А что окажется пресловутым пунктумом, что подойдет под него в квартире на бывшей Шрёттерштрассе, а сегодня улице Красной? Вот несколько пар тонких бальных перчаток, которые как бы случайно и небрежно высунулись из ящика комода, подходят? Нет, не очень. А кофемолка, приделанная к стене на кухне, с левой стороны от окна, подходит (там даже есть немного смолотых зерен)? Нет, и она не подходит, хотя так славно представить, что вот стояла фрау Гросманн, крутила ручку, смотрела в окно и видела, как во внутреннем дворе падают листья с деревьев или начинается еще одна прусская зима. А газета, а счетная машинка, а рожок для обуви считаются? Почему-то нет. А вот то, как слегка пожухлые тюльпаны в вазе из толстого стекла отражаются в чуть мутном зеркале в спальной — считается. А вот спальня, в которой полно людей, все в уличной одежде и обуви, и среди этой толпы — интимная неприкрытая белизна двуспальной супружеской кровати: простыни, подушки в наволочках с пике, вот это считается.

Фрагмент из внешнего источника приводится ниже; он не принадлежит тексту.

(* Let $A(x)=\sum_{i=0}^d a_ix^i\in\mathbb{Z}[x]$ have degree $d\ge1$ with $a_0\neq0$, let $m>d$, and let $N=(N_{i,j})$ be the $d\times m$ rational matrix with $N_{i,j}=\delta_{ij}$ for $1\le i,j\le d$ and whose rows are linear recurrences determined by $A$ (i.e. $\sum_{k=0}^d a_kN_{i,j+k}=0$ for $1\le j\le m-d$). Let $p$ be a prime and let $w$ be the abscissa of a vertex of the $p$-adic Newton polygon of $A$. Then the $d\times d$ submatrix of $N$ formed by the columns $1,2,\dots,w,\ m-d+w+1,\dots,m$ is nonsingular. Equivalently, the $(m-d)\times(m-d)$ matrix $U=(a_{w+i-j})_{1\le i,j\le m-d}$ (with $a_k=0$ for $k<0$ or $k>d$) is nonsingular.
   Context: The $p$-adic Newton polygon of $A$ is the lower boundary of the convex hull of the points $(i,v_p(a_i))$, $0\le i\le d$, where $v_p$ is the $p$-adic valuation; its vertices have abscissae $0=w_0<w_1<\dots<w_r=d$. *)

theory Defs
  imports "Jordan_Normal_Form.Determinant" "HOL-Computational_Algebra.Computational_Algebra"
begin

text \<open>p-adic valuation of the coefficients: v_p(a) = multiplicity p a (for a nonzero).
  The p-adic Newton polygon of A is the lower boundary of the convex hull of the points
  (i, v_p(a_i)) with a_i nonzero. An abscissa w is the abscissa of a vertex of this lower
  boundary iff a_w is nonzero and the point (w, v_p(a_w)) is strictly supported from below
  by a line, i.e. all other points lie strictly above some line through it.\<close>

definition newton_vertex :: "nat \<Rightarrow> int poly \<Rightarrow> nat \<Rightarrow> bool" where
  "newton_vertex p A w \<longleftrightarrow>
     w \<le> degree A \<and> coeff A w \<noteq> 0 \<and>
     (\<exists>s::real. \<forall>j \<le> degree A. coeff A j \<noteq> 0 \<and> j \<noteq> w \<longrightarrow>
        real (multiplicity (int p) (coeff A j)) >
        real (multiplicity (int p) (coeff A w)) + s * (real j - real w))"

end

theory Submission imports Defs begin

text \<open>Every term of the Leibniz expansion of \<open>U = (a (w + i - j))\<close> other than the diagonal
  \<open>a w ^ n\<close> is a product of coefficients whose indices average to \<open>w\<close>. Because \<open>(w, v\<^sub>p (a w))\<close>
  is a vertex of the Newton polygon, a supporting line through it shows that such a product has
  valuation larger than \<open>n v\<^sub>p (a w)\<close>, so \<open>det U\<close> is \<open>a w ^ n \<noteq> 0\<close> modulo a higher power of \<open>p\<close>.
  For the submatrix of \<open>N\<close>, a vector \<open>v\<close> in its left kernel yields the row \<open>x = v N\<close>, a solution
  of the recurrence vanishing at the chosen columns; the remaining entries of \<open>x\<close> are then
  annihilated by \<open>U\<^sup>T\<close>, so \<open>x = 0\<close>, and hence so is \<open>v\<close>, the first \<open>d\<close> entries of \<open>x\<close>.\<close>

lemma det_ne_zero_if_diagonal_term_multiplicity_least:
  fixes M :: "'a :: {factorial_semiring, comm_ring_1} mat"
  assumes M: "M \<in> carrier_mat n n" and P: "prime_elem P"
    and diag: "(\<Prod>i = 0..<n. M $$ (i, i)) \<noteq> 0"
    and off_diag: "\<And>\<sigma>. \<sigma> permutes {0..<n} \<Longrightarrow> \<sigma> \<noteq> id \<Longrightarrow> (\<Prod>i = 0..<n. M $$ (i, \<sigma> i)) \<noteq> 0 \<Longrightarrow>
        multiplicity P (\<Prod>i = 0..<n. M $$ (i, i)) < multiplicity P (\<Prod>i = 0..<n. M $$ (i, \<sigma> i))"
  shows "det M \<noteq> 0"
proof
  assume det0: "det M = 0"
  define e where "e = multiplicity P (\<Prod>i = 0..<n. M $$ (i, i))"
  define S where "S = {\<sigma>. \<sigma> permutes {0..<n}}"
  define R where "R = (\<Sum>\<sigma> \<in> S - {id}. signof \<sigma> * (\<Prod>i = 0..<n. M $$ (i, \<sigma> i)))"
  have "det M = (\<Prod>i = 0..<n. M $$ (i, i)) + R"
    unfolding det_def'[OF M] R_def S_def
    by (subst sum.remove[of _ id]) (simp_all add: finite_permutations permutes_id)
  with det0 have diag_eq: "(\<Prod>i = 0..<n. M $$ (i, i)) = - R"
    by (simp add: eq_neg_iff_add_eq_0)
  have "P ^ Suc e dvd (\<Prod>i = 0..<n. M $$ (i, \<sigma> i))" if "\<sigma> \<in> S - {id}" for \<sigma>
  proof (cases "(\<Prod>i = 0..<n. M $$ (i, \<sigma> i)) = 0")
    case False
    then show ?thesis
      using off_diag[of \<sigma>] that by (intro multiplicity_dvd') (auto simp: S_def e_def)
  qed (simp only: dvd_0_right)
  then have "P ^ Suc e dvd R"
    unfolding R_def by (intro dvd_sum dvd_mult) auto
  then have "P ^ Suc e dvd (\<Prod>i = 0..<n. M $$ (i, i))"
    by (simp add: diag_eq)
  then have "Suc e \<le> e"
    unfolding e_def using P diag by (intro multiplicity_geI) (auto simp: prime_elem_def)
  then show False by simp
qed

lemma newton_vertex_multiplicity_sum_gt:
  assumes vertex: "newton_vertex p A w" and I: "finite I"
    and nz: "\<And>i. i \<in> I \<Longrightarrow> coeff A (k i) \<noteq> 0"
    and barycentre: "(\<Sum>i\<in>I. real (k i)) = real (card I) * real w"
    and "i0 \<in> I" "k i0 \<noteq> w"
  shows "card I * multiplicity (int p) (coeff A w) < (\<Sum>i\<in>I. multiplicity (int p) (coeff A (k i)))"
proof -
  define e where "e = multiplicity (int p) (coeff A w)"
  obtain s :: real where s: "\<And>j. j \<le> degree A \<Longrightarrow> coeff A j \<noteq> 0 \<Longrightarrow> j \<noteq> w \<Longrightarrow>
      real e + s * (real j - real w) < real (multiplicity (int p) (coeff A j))"
    using vertex unfolding newton_vertex_def e_def by blast
  have below: "real e + s * (real (k i) - real w) \<le> real (multiplicity (int p) (coeff A (k i)))"
    if "i \<in> I" for i
    using s[of "k i"] nz[OF that] le_degree[of A "k i"] by (cases "k i = w") (auto simp: e_def)
  have "(\<Sum>i\<in>I. real e + s * (real (k i) - real w)) = real (card I * e)"
    using barycentre by (simp add: sum.distrib sum_subtractf sum_distrib_left[symmetric] algebra_simps)
  moreover have "(\<Sum>i\<in>I. real e + s * (real (k i) - real w))
      < (\<Sum>i\<in>I. real (multiplicity (int p) (coeff A (k i))))"
    using s[of "k i0"] nz[of i0] le_degree[of A "k i0"] assms(5,6) below I
    by (intro sum_strict_mono_ex1) auto
  ultimately show ?thesis
    unfolding e_def by (simp only: of_nat_sum[symmetric] of_nat_less_iff)
qed

definition coeff_toeplitz_mat :: "'a :: zero poly \<Rightarrow> nat \<Rightarrow> nat \<Rightarrow> 'a mat" where
  "coeff_toeplitz_mat A w n = mat n n (\<lambda>(i, j).
     if int w + int i - int j \<ge> 0 then coeff A (nat (int w + int i - int j)) else 0)"

lemma coeff_toeplitz_mat_dim [simp]:
  "dim_row (coeff_toeplitz_mat A w n) = n" "dim_col (coeff_toeplitz_mat A w n) = n"
  by (simp_all add: coeff_toeplitz_mat_def)

lemma coeff_toeplitz_mat_carrier [simp]: "coeff_toeplitz_mat A w n \<in> carrier_mat n n"
  by (simp add: carrier_matI)

lemma coeff_toeplitz_mat_index [simp]:
  "i < n \<Longrightarrow> j < n \<Longrightarrow> coeff_toeplitz_mat A w n $$ (i, j) = (if j \<le> w + i then coeff A (w + i - j) else 0)"
  by (auto simp: coeff_toeplitz_mat_def nat_diff_distrib nat_add_distrib)

lemma coeff_toeplitz_mat_map_poly:
  "f 0 = 0 \<Longrightarrow> coeff_toeplitz_mat (map_poly f A) w n = map_mat f (coeff_toeplitz_mat A w n)"
  by (rule eq_matI) (simp_all add: coeff_map_poly)

lemma det_coeff_toeplitz_mat_ne_zero:
  fixes A :: "int poly"
  assumes p: "prime p" and vertex: "newton_vertex p A w"
  shows "det (coeff_toeplitz_mat A w n) \<noteq> 0"
proof -
  let ?M = "coeff_toeplitz_mat A w n"
  have aw: "coeff A w \<noteq> 0" using vertex by (simp add: newton_vertex_def)
  have P: "prime_elem (int p)" using p by simp
  show ?thesis
  proof (rule det_ne_zero_if_diagonal_term_multiplicity_least[OF _ P])
    fix \<sigma> assume \<sigma>: "\<sigma> permutes {0..<n}" "\<sigma> \<noteq> id" and nz: "(\<Prod>i = 0..<n. ?M $$ (i, \<sigma> i)) \<noteq> 0"
    define k where "k i = w + i - \<sigma> i" for i
    have \<sigma>_lt: "\<sigma> i < n" if "i < n" for i using \<sigma>(1) that by (auto dest: permutes_in_image)
    have entry: "\<sigma> i \<le> w + i \<and> ?M $$ (i, \<sigma> i) = coeff A (k i) \<and> coeff A (k i) \<noteq> 0" if "i < n" for i
    proof -
      have "?M $$ (i, \<sigma> i) \<noteq> 0" using nz that by auto
      then show ?thesis using that \<sigma>_lt[OF that] by (auto simp: k_def split: if_splits)
    qed
    have "(\<Sum>i = 0..<n. real (k i)) = (\<Sum>i = 0..<n. real w + real i - real (\<sigma> i))"
      using entry by (intro sum.cong) (auto simp: k_def)
    also have "\<dots> = real n * real w"
      using sum.permute[OF \<sigma>(1), of real] by (simp add: sum.distrib sum_subtractf comp_def)
    finally have barycentre: "(\<Sum>i = 0..<n. real (k i)) = real (card {0..<n}) * real w" by simp
    obtain i0 where i0: "i0 < n" "\<sigma> i0 \<noteq> i0"
      using \<sigma> by (metis atLeastLessThan_iff eq_id_iff permutes_def)
    then have "k i0 \<noteq> w" using entry[OF i0(1)] by (auto simp: k_def)
    then have "n * multiplicity (int p) (coeff A w) < (\<Sum>i = 0..<n. multiplicity (int p) (coeff A (k i)))"
      using newton_vertex_multiplicity_sum_gt[OF vertex _ _ barycentre, of i0] entry i0 by auto
    also have "\<dots> = multiplicity (int p) (\<Prod>i = 0..<n. ?M $$ (i, \<sigma> i))"
      using entry by (simp add: prime_elem_multiplicity_prod_distrib[OF P] image_iff)
    finally show "multiplicity (int p) (\<Prod>i = 0..<n. ?M $$ (i, i)) < multiplicity (int p) (\<Prod>i = 0..<n. ?M $$ (i, \<sigma> i))"
      using P aw by (simp add: prime_elem_multiplicity_power_distrib)
  qed (use aw in simp_all)
qed

lemma recurrence_zero_if_zero_outside_window:
  fixes A :: "'a :: field poly" and x :: "nat \<Rightarrow> 'a"
  assumes U: "det (coeff_toeplitz_mat A w n) \<noteq> 0" and w: "w \<le> degree A"
    and rec: "\<And>j. j < n \<Longrightarrow> (\<Sum>k\<le>degree A. coeff A k * x (j + k)) = 0"
    and left: "\<And>c. c < w \<Longrightarrow> x c = 0"
    and right: "\<And>c. n + w \<le> c \<Longrightarrow> c < n + degree A \<Longrightarrow> x c = 0"
    and c: "c < n + degree A"
  shows "x c = 0"
proof -
  let ?d = "degree A"
  define y where "y = vec n (\<lambda>l. x (w + l))"
  have "transpose_mat (coeff_toeplitz_mat A w n) *\<^sub>v y = 0\<^sub>v n"
  proof (rule eq_vecI)
    fix j assume "j < dim_vec (0\<^sub>v n :: 'a vec)"
    then have j: "j < n" by simp
    define G where "G c = (if j \<le> c then coeff A (c - j) else 0) * x c" for c
    have "(transpose_mat (coeff_toeplitz_mat A w n) *\<^sub>v y) $ j = (\<Sum>l = 0..<n. G (l + w))"
      using j by (simp add: y_def G_def scalar_prod_def add.commute cong: if_cong)
    also have "\<dots> = (\<Sum>c = w..<n + w. G c)"
      using sum.shift_bounds_nat_ivl[of G 0 w n] by simp
    also have "\<dots> = (\<Sum>c = 0..<n + ?d. G c)"
      using w left right by (intro sum.mono_neutral_left) (auto simp: G_def)
    also have "\<dots> = (\<Sum>c = j..<Suc ?d + j. G c)"
      using j by (intro sum.mono_neutral_right) (auto simp: G_def coeff_eq_0)
    also have "\<dots> = (\<Sum>k = 0..<Suc ?d. G (k + j))"
      using sum.shift_bounds_nat_ivl[of G 0 j "Suc ?d"] by simp
    also have "\<dots> = (\<Sum>k\<le>?d. coeff A k * x (j + k))"
      by (intro sum.cong) (auto simp: G_def add.commute)
    finally show "(transpose_mat (coeff_toeplitz_mat A w n) *\<^sub>v y) $ j = 0\<^sub>v n $ j"
      using rec[OF j] j by simp
  qed simp
  moreover have "det (transpose_mat (coeff_toeplitz_mat A w n)) \<noteq> 0"
    using U by (simp add: det_transpose[of _ n])
  ultimately have y: "y = 0\<^sub>v n"
    using det_0_iff_vec_prod_zero_field[of "transpose_mat (coeff_toeplitz_mat A w n)" n]
    by (metis coeff_toeplitz_mat_carrier transpose_carrier_mat vec_carrier y_def)
  show ?thesis
  proof (cases "w \<le> c \<and> c < n + w")
    case True
    then have "y $ (c - w) = 0" by (auto simp: y)
    with True show ?thesis by (auto simp: y_def)
  qed (use c left right in auto)
qed

lemma det_window_columns_ne_zero:
  fixes A :: "'a :: field poly" and N :: "'a mat"
  assumes U: "det (coeff_toeplitz_mat A w (m - d)) \<noteq> 0"
    and d: "degree A = d" and w: "w \<le> d" and m: "d \<le> m"
    and N_id: "\<And>i j. i < d \<Longrightarrow> j < d \<Longrightarrow> N $$ (i, j) = (if i = j then 1 else 0)"
    and N_rec: "\<And>i j. i < d \<Longrightarrow> j < m - d \<Longrightarrow> (\<Sum>k\<le>d. coeff A k * N $$ (i, j + k)) = 0"
  shows "det (mat d d (\<lambda>(i, j). N $$ (i, if j < w then j else m - d + j))) \<noteq> 0"
proof
  define D where "D = mat d d (\<lambda>(i, j). N $$ (i, if j < w then j else m - d + j))"
  assume "det (mat d d (\<lambda>(i, j). N $$ (i, if j < w then j else m - d + j))) = 0"
  then have "det (transpose_mat D) = 0"
    by (simp add: D_def det_transpose[of _ d])
  then obtain v where v: "v \<in> carrier_vec d" "v \<noteq> 0\<^sub>v d" "transpose_mat D *\<^sub>v v = 0\<^sub>v d"
    using det_0_iff_vec_prod_zero_field[of "transpose_mat D" d] by (auto simp: D_def)
  define x where "x c = (\<Sum>i<d. v $ i * N $$ (i, c))" for c
  have window: "x (if j < w then j else m - d + j) = 0" if "j < d" for j
  proof -
    have "(transpose_mat D *\<^sub>v v) $ j = 0" using v(3) that by simp
    then show ?thesis
      using that v(1) by (simp add: D_def x_def scalar_prod_def lessThan_atLeast0 mult.commute)
  qed
  have x_zero: "x c = 0" if "c < m" for c
  proof (rule recurrence_zero_if_zero_outside_window[of A w "m - d"])
    show "(\<Sum>k\<le>degree A. coeff A k * x (j + k)) = 0" if "j < m - d" for j
    proof -
      have "(\<Sum>k\<le>d. coeff A k * x (j + k)) = (\<Sum>i<d. v $ i * (\<Sum>k\<le>d. coeff A k * N $$ (i, j + k)))"
        unfolding x_def by (simp add: sum_distrib_left mult_ac sum.swap[of _ "{..d}"])
      then show ?thesis using N_rec that by (simp add: d)
    qed
    show "x c = 0" if "c < w" for c
      using window[of c] that w by simp
    show "x c = 0" if "m - d + w \<le> c" "c < m - d + degree A" for c
    proof -
      have "c - (m - d) < d" "\<not> c - (m - d) < w" "m - d + (c - (m - d)) = c" using that d m by auto
      then show ?thesis using window[of "c - (m - d)"] by simp
    qed
  qed (use U w d m that in auto)
  have "x c = v $ c" if "c < d" for c
  proof -
    have "x c = (\<Sum>i<d. if i = c then v $ c else 0)"
      unfolding x_def using N_id that by (intro sum.cong) auto
    then show ?thesis using that by simp
  qed
  then have "v = 0\<^sub>v d"
    using v(1) x_zero m by (intro eq_vecI) auto
  with v(2) show False ..
qed

theorem mainTheorem6:
  fixes A :: "int poly" and d m w p :: nat and N :: "rat mat"
  assumes "degree A = d" and "d \<ge> 1" and "coeff A 0 \<noteq> 0" and "m > d"
    and "dim_row N = d" and "dim_col N = m"
    and "\<forall>i<d. \<forall>j<d. N $$ (i, j) = (if i = j then 1 else 0)"
    and "\<forall>i<d. \<forall>j<m - d. (\<Sum>k\<le>d. of_int (coeff A k) * N $$ (i, j + k)) = 0"
    and "prime p" and "newton_vertex p A w"
  shows "det (mat d d (\<lambda>(i, j). N $$ (i, if j < w then j else m - d + j))) \<noteq> 0
       \<and> det (mat (m - d) (m - d) (\<lambda>(i, j).
            if int w + int i - int j \<ge> 0 then coeff A (nat (int w + int i - int j)) else 0)) \<noteq> 0"
proof
  have U: "det (coeff_toeplitz_mat A w (m - d)) \<noteq> 0"
    using det_coeff_toeplitz_mat_ne_zero assms(9,10) .
  then show "det (mat (m - d) (m - d) (\<lambda>(i, j).
      if int w + int i - int j \<ge> 0 then coeff A (nat (int w + int i - int j)) else 0)) \<noteq> 0"
    by (simp add: coeff_toeplitz_mat_def)
  let ?A = "map_poly rat_of_int A"
  have "det (coeff_toeplitz_mat ?A w (m - d)) \<noteq> 0"
    using U by (simp add: coeff_toeplitz_mat_map_poly of_int_hom.hom_det)
  moreover have "degree ?A = d" and "w \<le> d"
    using assms(1,10) by (simp_all add: degree_map_poly newton_vertex_def)
  ultimately show "det (mat d d (\<lambda>(i, j). N $$ (i, if j < w then j else m - d + j))) \<noteq> 0"
    using assms(4,7,8) by (intro det_window_columns_ne_zero[of ?A]) (auto simp: coeff_map_poly)
qed

end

В спальню заходит пожилой грузный мужчина в кашне и черных замшевых ботинках с заостренными носами. Он живет неподалеку и несколько часов ждал, пока «народу станет меньше». Он оглядывается, он таращит глаза, он щупает постельное белье, он давит рукой на простынь, словно проверяет на мягкость спрятанный под ней матрас. Он отдергивает шторы и смотрит во двор. Он по-хозяйски стучит каблуком по светлой лиственничной половице. Он поражен, он выдыхает и говорит: «Какого же черта эти немцы полезли на наши соломенные крыши. Вот чего им приспичило, а? Кто скажет? Сидели бы у себя и город бы сохранили, и квартиру — это же конфетка, а не хата». Про конфетку все согласятся.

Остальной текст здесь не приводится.